Some stations of the Way of the Cross refer to the generosity of onlookers. In one instance, Simon of Cyrene carries the Cross for Jesus, and in another, Veronica cleans His face. Later, Joseph of Arimathea asks Pilate for Jesus’s body and buries Him. Before the war, the Albertine Brothers were already helping people in need. The invasion in 2022 just added to their work. “The Albertine Brothers are like emergency personnel, first aid. The man on the street under stress, someone who is freezing, someone very hungry. This is our everyday life. We’re here for that. Most of our residents are alcoholics, homeless people, refugees, people with drug or gambling problems. For them, there is hot soup. There is coffee and bread. We expect it to be enough for about 300 people,” Brother Bernard says to ACN.

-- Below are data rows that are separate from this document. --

(* In the setting below, the minimum distance $d$ of $\mathrm{UB}(a,\ell)$ satisfies $$d\le\min\{\mathrm{wt}(a)^{\ell}+1,\ \mathrm{wt}(h)\}.$$
   Context: Setting. Let $n\ge 2$ and $\mathcal R_n=\mathbb F_2[x]/(x^n-1)$. Identifications and weights. Vectors in $\mathbb F_2^n$ are identified with elements of $\mathcal R_n$ via $c\mapsto\sum_ic_ix^i$. $\mathrm{wt}(g)$ is the number of nonzero coefficients of the degree-$<n$ representative of $g$. $\mathrm{Circ}(g)$ is the $n\times n$ binary matrix whose $i$-th row is the coefficient vector of $x^ig(x)$. Code data. Let $a(x)\in\mathbb F_2[x]$ with $a\mid x^n-1$ and $1\le r:=\deg a<n$. Let $\ell\ge1$, $t=2^\ell$, $b=a^t\in\mathcal R_n$, and $h=(x^n-1)/a\in\mathbb F_2[x]$. The univariate bicycle code $\mathrm{UB}(a,\ell)$ is the CSS code on $2n$ qubits with $H_X=[\mathrm{Circ}(a),\mathrm{Circ}(b)]$ and $H_Z=[\mathrm{Circ}(b)^{\mathsf T},\mathrm{Circ}(a)^{\mathsf T}]$. Distances. With $\ker(H)=\{c:Hc^{\mathsf T}=0\}$ and $\mathrm{rs}$ the row space, define $d_Z=\min\{\mathrm{wt}(v):v\in\ker(H_Z)\setminus\mathrm{rs}(H_X)\}$, define $d_X=\min\{\mathrm{wt}(v):v\in\ker(H_X)\setminus\mathrm{rs}(H_Z)\}$, and set $d=\min(d_X,d_Z)$. Here the weight of a vector in $\mathbb F_2^{2n}$ is its number of nonzero entries. *)

theory Defs
  imports "HOL-Library.Z2" "HOL-Computational_Algebra.Polynomial"
begin

text \<open>F_2 is the type bit. Elements of R_n = F_2[x]/(x^n - 1) are represented by
  polynomials; the canonical representative is the remainder modulo x^n - 1.\<close>

definition xn1 :: "nat \<Rightarrow> bit poly" where
  "xn1 n = monom 1 n - 1"

definition rep :: "nat \<Rightarrow> bit poly \<Rightarrow> bit poly" where
  "rep n g = g mod xn1 n"

definition wt :: "nat \<Rightarrow> bit poly \<Rightarrow> nat" where
  "wt n g = card {i. i < n \<and> coeff (rep n g) i \<noteq> 0}"

definition Circ :: "nat \<Rightarrow> bit poly \<Rightarrow> nat \<Rightarrow> nat \<Rightarrow> bit" where
  "Circ n g i j = coeff (rep n (monom 1 i * g)) j"

text \<open>Binary matrices with m rows and N columns are functions nat => nat => bit used on
  i < m, j < N; vectors of length N are functions nat => bit, considered on j < N.\<close>

definition HX :: "nat \<Rightarrow> bit poly \<Rightarrow> bit poly \<Rightarrow> nat \<Rightarrow> nat \<Rightarrow> bit" where
  "HX n a b i j = (if j < n then Circ n a i j else Circ n b i (j - n))"

definition HZ :: "nat \<Rightarrow> bit poly \<Rightarrow> bit poly \<Rightarrow> nat \<Rightarrow> nat \<Rightarrow> bit" where
  "HZ n a b i j = (if j < n then Circ n b j i else Circ n a (j - n) i)"

definition vecs :: "nat \<Rightarrow> (nat \<Rightarrow> bit) set" where
  "vecs N = {v. \<forall>j. N \<le> j \<longrightarrow> v j = 0}"

definition kern :: "nat \<Rightarrow> nat \<Rightarrow> (nat \<Rightarrow> nat \<Rightarrow> bit) \<Rightarrow> (nat \<Rightarrow> bit) set" where
  "kern m N H = {v \<in> vecs N. \<forall>i<m. (\<Sum>j<N. H i j * v j) = 0}"

definition rowsp :: "nat \<Rightarrow> nat \<Rightarrow> (nat \<Rightarrow> nat \<Rightarrow> bit) \<Rightarrow> (nat \<Rightarrow> bit) set" where
  "rowsp m N H = {v \<in> vecs N. \<exists>c :: nat \<Rightarrow> bit. \<forall>j<N. v j = (\<Sum>i<m. c i * H i j)}"

definition hw :: "nat \<Rightarrow> (nat \<Rightarrow> bit) \<Rightarrow> nat" where
  "hw N v = card {j. j < N \<and> v j \<noteq> 0}"

definition UB_b :: "nat \<Rightarrow> bit poly \<Rightarrow> nat \<Rightarrow> bit poly" where
  "UB_b n a l = rep n (a ^ (2 ^ l))"

definition dZ :: "nat \<Rightarrow> bit poly \<Rightarrow> nat \<Rightarrow> nat" where
  "dZ n a l = (let b = UB_b n a l in
     Inf (hw (2*n) ` (kern n (2*n) (HZ n a b) - rowsp n (2*n) (HX n a b))))"

definition dX :: "nat \<Rightarrow> bit poly \<Rightarrow> nat \<Rightarrow> nat" where
  "dX n a l = (let b = UB_b n a l in
     Inf (hw (2*n) ` (kern n (2*n) (HX n a b) - rowsp n (2*n) (HZ n a b))))"

definition UB_dist :: "nat \<Rightarrow> bit poly \<Rightarrow> nat \<Rightarrow> nat" where
  "UB_dist n a l = min (dX n a l) (dZ n a l)"

end

theory Submission
  imports Defs
begin

text \<open>It suffices to bound d_Z, using Z-logical operators written as pairs (u, w) over R_n: the
  vector (u | w) lies in ker H_Z iff u b + w a = 0, and in the row space of H_X iff
  (u, w) = (C a, C b) for some C. The pair (0, h) is such an operator because a h = 0, and it is
  not a stabiliser: C a = 0 forces h | C, hence C b = 0 since a | b. The pair (1, a^(t-1)) is one
  because b = a a^(t-1), and it is not a stabiliser because the non-constant divisor a of
  x^n - 1 is not a unit in R_n. Finally a^(t-1) = a a^2 a^4 ... a^(2^(l-1)); over F_2 squaring
  is additive and sends monomials to monomials, so it does not increase the weight, while the
  weight is submultiplicative, which gives wt(a^(t-1)) \<le> wt(a)^l.\<close>

declare add_bit_eq_xor [simp del] mult_bit_eq_and [simp del]
  \<comment> \<open>Z2 rewrites + and * on bit to xor and and, which breaks sums over F_2.\<close>

lemma coeff_xn1: "coeff (xn1 n) k = (if k = n then 1 else 0) - (if k = 0 then 1 else 0)"
  by (simp add: xn1_def coeff_monom)

lemma degree_xn1: "n \<ge> 1 \<Longrightarrow> degree (xn1 n) = n"
  by (rule antisym, rule degree_le, simp_all add: coeff_xn1 le_degree)

lemma xn1_nonzero: "n \<ge> 1 \<Longrightarrow> xn1 n \<noteq> 0"
  using degree_xn1 by fastforce

lemma coeff_rep_eq_0:
  assumes "n \<ge> 1" and "n \<le> k"
  shows "coeff (rep n g) k = 0"
proof (cases "rep n g = 0")
  case False
  then have "degree (rep n g) < n"
    using assms(1) unfolding rep_def by (metis degree_mod_less' degree_xn1 xn1_nonzero)
  then show ?thesis using assms(2) by (simp add: coeff_eq_0)
qed simp

lemma rep_idem [simp]: "rep n (rep n g) = rep n g"
  by (simp add: rep_def)

lemma rep_eq_self: "n \<ge> 1 \<Longrightarrow> degree g < n \<Longrightarrow> rep n g = g"
  unfolding rep_def by (rule mod_poly_less) (simp add: degree_xn1)

lemma rep_0 [simp]: "rep n 0 = 0"
  by (simp add: rep_def)

lemma rep_add: "rep n (f + g) = rep n f + rep n g"
  by (simp add: rep_def poly_mod_add_left)

lemma rep_smult: "rep n (smult c f) = smult c (rep n f)"
  by (simp add: rep_def mod_smult_left)

lemma rep_sum: "rep n (\<Sum>i\<in>S. f i) = (\<Sum>i\<in>S. rep n (f i))"
  by (induction S rule: infinite_finite_induct) (auto simp: rep_add)

lemma rep_mult: "rep n (f * g) = rep n (rep n f * rep n g)"
  by (simp add: rep_def mod_mult_eq)

lemma rep_mult_right: "rep n (f * rep n g) = rep n (f * g)"
  by (simp add: rep_def mod_mult_right_eq)

lemma rep_eq_iff: "rep n f = rep n g \<longleftrightarrow> xn1 n dvd f - g"
  by (simp add: rep_def mod_eq_dvd_iff)

lemma rep_eq_0_iff: "rep n f = 0 \<longleftrightarrow> xn1 n dvd f"
  by (simp add: rep_def dvd_eq_mod_eq_0)

lemma dvd_rep: "d dvd xn1 n \<Longrightarrow> d dvd g \<Longrightarrow> d dvd rep n g"
  unfolding rep_def by (rule dvd_mod)

lemma wt_rep [simp]: "wt n (rep n g) = wt n g"
  by (simp add: wt_def)

lemma xn1_dvd_monom_power_minus_1: "xn1 n dvd monom 1 n ^ q - 1"
proof (induction q)
  case (Suc q)
  have "(monom 1 n :: bit poly) ^ Suc q - 1 = monom 1 n * (monom 1 n ^ q - 1) + xn1 n"
    by (simp add: xn1_def algebra_simps)
  then show ?case using Suc by simp
qed simp

lemma rep_monom: "n \<ge> 1 \<Longrightarrow> rep n (monom 1 k) = monom 1 (k mod n)"
proof -
  assume n: "n \<ge> 1"
  have "(monom 1 k :: bit poly) = monom 1 (k mod n) * monom 1 n ^ (k div n)"
    by (simp add: monom_power mult_monom mult.commute)
  then have "rep n (monom 1 k) = rep n (monom 1 (k mod n))"
    unfolding rep_eq_iff
    by (metis dvd_mult mult.right_neutral right_diff_distrib xn1_dvd_monom_power_minus_1)
  also have "\<dots> = monom 1 (k mod n)"
    using n by (intro rep_eq_self) (auto intro: le_less_trans[OF degree_monom_le])
  finally show ?thesis .
qed

definition supp :: "nat \<Rightarrow> bit poly \<Rightarrow> nat set" where
  "supp n g = {i. i < n \<and> coeff (rep n g) i \<noteq> 0}"

lemma wt_eq_card_supp: "wt n g = card (supp n g)"
  by (simp add: wt_def supp_def)

lemma finite_supp [simp]: "finite (supp n g)"
  by (simp add: supp_def)

lemma sum_monom_coeff_eq_reduced:
  assumes "n \<ge> 1" and "rep n u = u"
  shows "(\<Sum>i<n. monom (coeff u i) i) = u"
proof (rule poly_eqI)
  fix k
  have "coeff (\<Sum>i<n. monom (coeff u i) i) k = (if k < n then coeff u k else 0)"
    by (simp add: coeff_sum coeff_monom)
  also have "\<dots> = coeff u k"
    using coeff_rep_eq_0[OF assms(1), of k u] assms(2) by auto
  finally show "coeff (\<Sum>i<n. monom (coeff u i) i) k = coeff u k" .
qed

lemma rep_eq_sum_monom_supp:
  assumes "n \<ge> 1"
  shows "rep n g = (\<Sum>i\<in>supp n g. monom 1 i)"
proof -
  have "rep n g = (\<Sum>i<n. monom (coeff (rep n g) i) i)"
    by (simp add: sum_monom_coeff_eq_reduced[OF assms])
  also have "\<dots> = (\<Sum>i\<in>supp n g. monom (coeff (rep n g) i) i)"
    by (rule sum.mono_neutral_right) (auto simp: supp_def)
  also have "\<dots> = (\<Sum>i\<in>supp n g. monom 1 i)"
    by (rule sum.cong) (auto simp: supp_def)
  finally show ?thesis .
qed

lemma wt_sum_monom_le:
  assumes n: "n \<ge> 1" and "finite S"
  shows "wt n (\<Sum>i\<in>S. monom 1 (e i)) \<le> card S"
proof -
  have rep_sum_monom: "rep n (\<Sum>i\<in>S. monom 1 (e i)) = (\<Sum>i\<in>S. monom 1 (e i mod n))"
    by (simp add: rep_sum rep_monom[OF n])
  have "supp n (\<Sum>i\<in>S. monom 1 (e i)) \<subseteq> (\<lambda>i. e i mod n) ` S"
  proof
    fix j assume "j \<in> supp n (\<Sum>i\<in>S. monom 1 (e i))"
    then have "(\<Sum>i\<in>S. coeff (monom 1 (e i mod n)) j) \<noteq> (0::bit)"
      by (simp add: supp_def rep_sum_monom coeff_sum)
    then obtain i where "i \<in> S" "coeff (monom (1::bit) (e i mod n)) j \<noteq> 0"
      by (meson sum.neutral)
    then show "j \<in> (\<lambda>i. e i mod n) ` S" by (auto simp: coeff_monom split: if_splits)
  qed
  then have "wt n (\<Sum>i\<in>S. monom 1 (e i)) \<le> card ((\<lambda>i. e i mod n) ` S)"
    unfolding wt_eq_card_supp using assms(2) by (intro card_mono) auto
  also have "\<dots> \<le> card S" using assms(2) by (rule card_image_le)
  finally show ?thesis .
qed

Women also help in so many ways. Just like the women of Jerusalem who Jesus met on His long climb to Calvary, and who wept for Him, they, too, display a particular courage. Similar to the residence of the Albertine Brothers, there is a convent for religious sisters of the same congregation, which houses dozens of women who need help, some of them young mothers with babies.

Jesus is stripped and humiliated

When Jesus finally made it up the hill, He was stripped naked and humiliated. War is always a useful cover for those who like to humiliate and destroy the humanity of others. How can one forget the stories from Bucha, in the first months after the invasion? When the Ukrainian army regained control of the town, mass graves were uncovered, holding the bodies of hundreds of civilians who had been tortured and executed. Many of the victims were children; some were raped and burned; many were simply shot in the back of the head.

Jesus was executed. Nailed to a cross. Inna felt her husband die twice. He was killed in the first stages of the war in 2014, and the city of Irpin put up a poster in his honor. When the Russians invaded in 2022, Inna fled Irpin, leaving everything behind. She later learned that occupying soldiers shot through the poster. She felt like they killed him a second time.

In 2022, Olha also lost her husband. She remembers speaking to him in the evening, and suggesting he get some rest, because he sounded so tired. They never spoke again. “I was told that the building he was in came under fire, that he received a head injury and fought for his life for 40 minutes,” she said during an ACN visit to Ukraine.

In the fourteenth station, Jesus is laid in the tomb. It can be hard to imagine something more painful than burying a loved one, but many Ukrainians have learned that the uncertainty of not even knowing if their husband, father, or son is alive can be even worse. Seminarian Vitalij lost his father in December 2022, on the frontline near Bakhmut. At the memory of him, his light blue eyes cloud over, but then he describes how his grandmother comforted him with the fact that they could at least bury his father and were not haunted by uncertainty about his fate.

But the end of the suffering in the Way of the Cross is a source of consolation for Christians. Jesus rose again. As Ukrainians pray for the war to end, they, too, find courage in the faith that one day peace and joy will return to their lives. After all, that is what Easter is about, and this is what all Christians around the world pray for in these times.